----- Entries supplied -----
theorem lemma2p2:
  fixes scale :: "'a::field \<Rightarrow> 'v::ab_group_add \<Rightarrow> 'v"
    and b a :: "nat \<Rightarrow> 'v"
    and n i :: nat
  assumes vs: "vector_space scale"
    and b_inj: "inj_on b {1..n}"
    and b_indep: "\<not> module.dependent scale (b ` {1..n})"
    and b_span: "module.span scale (b ` {1..n}) = UNIV"
    and a_inj: "inj_on a {1..n}"
    and a_indep: "\<not> module.dependent scale (a ` {1..n})"
    and a_span: "module.span scale (a ` {1..n}) = UNIV"
    and i_ge: "1 \<le> i" and i_lt: "i < n"
  shows "\<exists>\<phi>. bij_betw \<phi> {I. I \<subseteq> {1..n} \<and> card I = i}
                        {J. J \<subseteq> {1..n} \<and> card J = n - i}
           \<and> (\<forall>I. I \<subseteq> {1..n} \<and> card I = i \<longrightarrow>
                 \<not> module.dependent scale (b ` I \<union> a ` \<phi> I)
               \<and> module.span scale (b ` I \<union> a ` \<phi> I) = UNIV)"
proof -
  interpret vector_space scale
    by (rule vs)
  have B: "basis_extension scale {} b {1..n} UNIV" and A: "basis_extension scale {} a {1..n} UNIV"
    using assms by (simp_all add: basis_extension_def)
  obtain \<phi>
    where "bij_betw \<phi> {I. I \<subseteq> {1..n} \<and> card I = i} {J. J \<subseteq> {1..n} \<and> card J + i = card {1..n}}"
      and "\<forall>I. I \<subseteq> {1..n} \<and> card I = i \<longrightarrow>
        independent ({} \<union> b ` I \<union> a ` \<phi> I) \<and> span ({} \<union> b ` I \<union> a ` \<phi> I) = UNIV"
    using basis_extension_complementary_bij[OF finite_atLeastAtMost finite_atLeastAtMost refl B A]
    by blast
  moreover have "{J. J \<subseteq> {1..n} \<and> card J + i = card {1..n}} = {J. J \<subseteq> {1..n} \<and> card J = n - i}"
    using i_lt by auto
  ultimately show ?thesis
    by auto
qed

end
-----
*Exercise details*.
Set down the listing above in full, please, exactly as it appears.

*Answer to this task*.
theorem lemma2p2:
  fixes scale :: "'a::field \<Rightarrow> 'v::ab_group_add \<Rightarrow> 'v"
    and b a :: "nat \<Rightarrow> 'v"
    and n i :: nat
  assumes vs: "vector_space scale"
    and b_inj: "inj_on b {1..n}"
    and b_indep: "\<not> module.dependent scale (b ` {1..n})"
    and b_span: "module.span scale (b ` {1..n}) = UNIV"
    and a_inj: "inj_on a {1..n}"
    and a_indep: "\<not> module.dependent scale (a ` {1..n})"
    and a_span: "module.span scale (a ` {1..n}) = UNIV"
    and i_ge: "1 \<le> i" and i_lt: "i < n"
  shows "\<exists>\<phi>. bij_betw \<phi> {I. I \<subseteq> {1..n} \<and> card I = i}
                        {J. J \<subseteq> {1..n} \<and> card J = n - i}
           \<and> (\<forall>I. I \<subseteq> {1..n} \<and> card I = i \<longrightarrow>
                 \<not> module.dependent scale (b ` I \<union> a ` \<phi> I)
               \<and> module.span scale (b ` I \<union> a ` \<phi> I) = UNIV)"
proof -
  interpret vector_space scale
    by (rule vs)
  have B: "basis_extension scale {} b {1..n} UNIV" and A: "basis_extension scale {} a {1..n} UNIV"
    using assms by (simp_all add: basis_extension_def)
  obtain \<phi>
    where "bij_betw \<phi> {I. I \<subseteq> {1..n} \<and> card I = i} {J. J \<subseteq> {1..n} \<and> card J + i = card {1..n}}"
      and "\<forall>I. I \<subseteq> {1..n} \<and> card I = i \<longrightarrow>
        independent ({} \<union> b ` I \<union> a ` \<phi> I) \<and> span ({} \<union> b ` I \<union> a ` \<phi> I) = UNIV"
    using basis_extension_complementary_bij[OF finite_atLeastAtMost finite_atLeastAtMost refl B A]
    by blast
  moreover have "{J. J \<subseteq> {1..n} \<and> card J + i = card {1..n}} = {J. J \<subseteq> {1..n} \<and> card J = n - i}"
    using i_lt by auto
  ultimately show ?thesis
    by auto
qed

end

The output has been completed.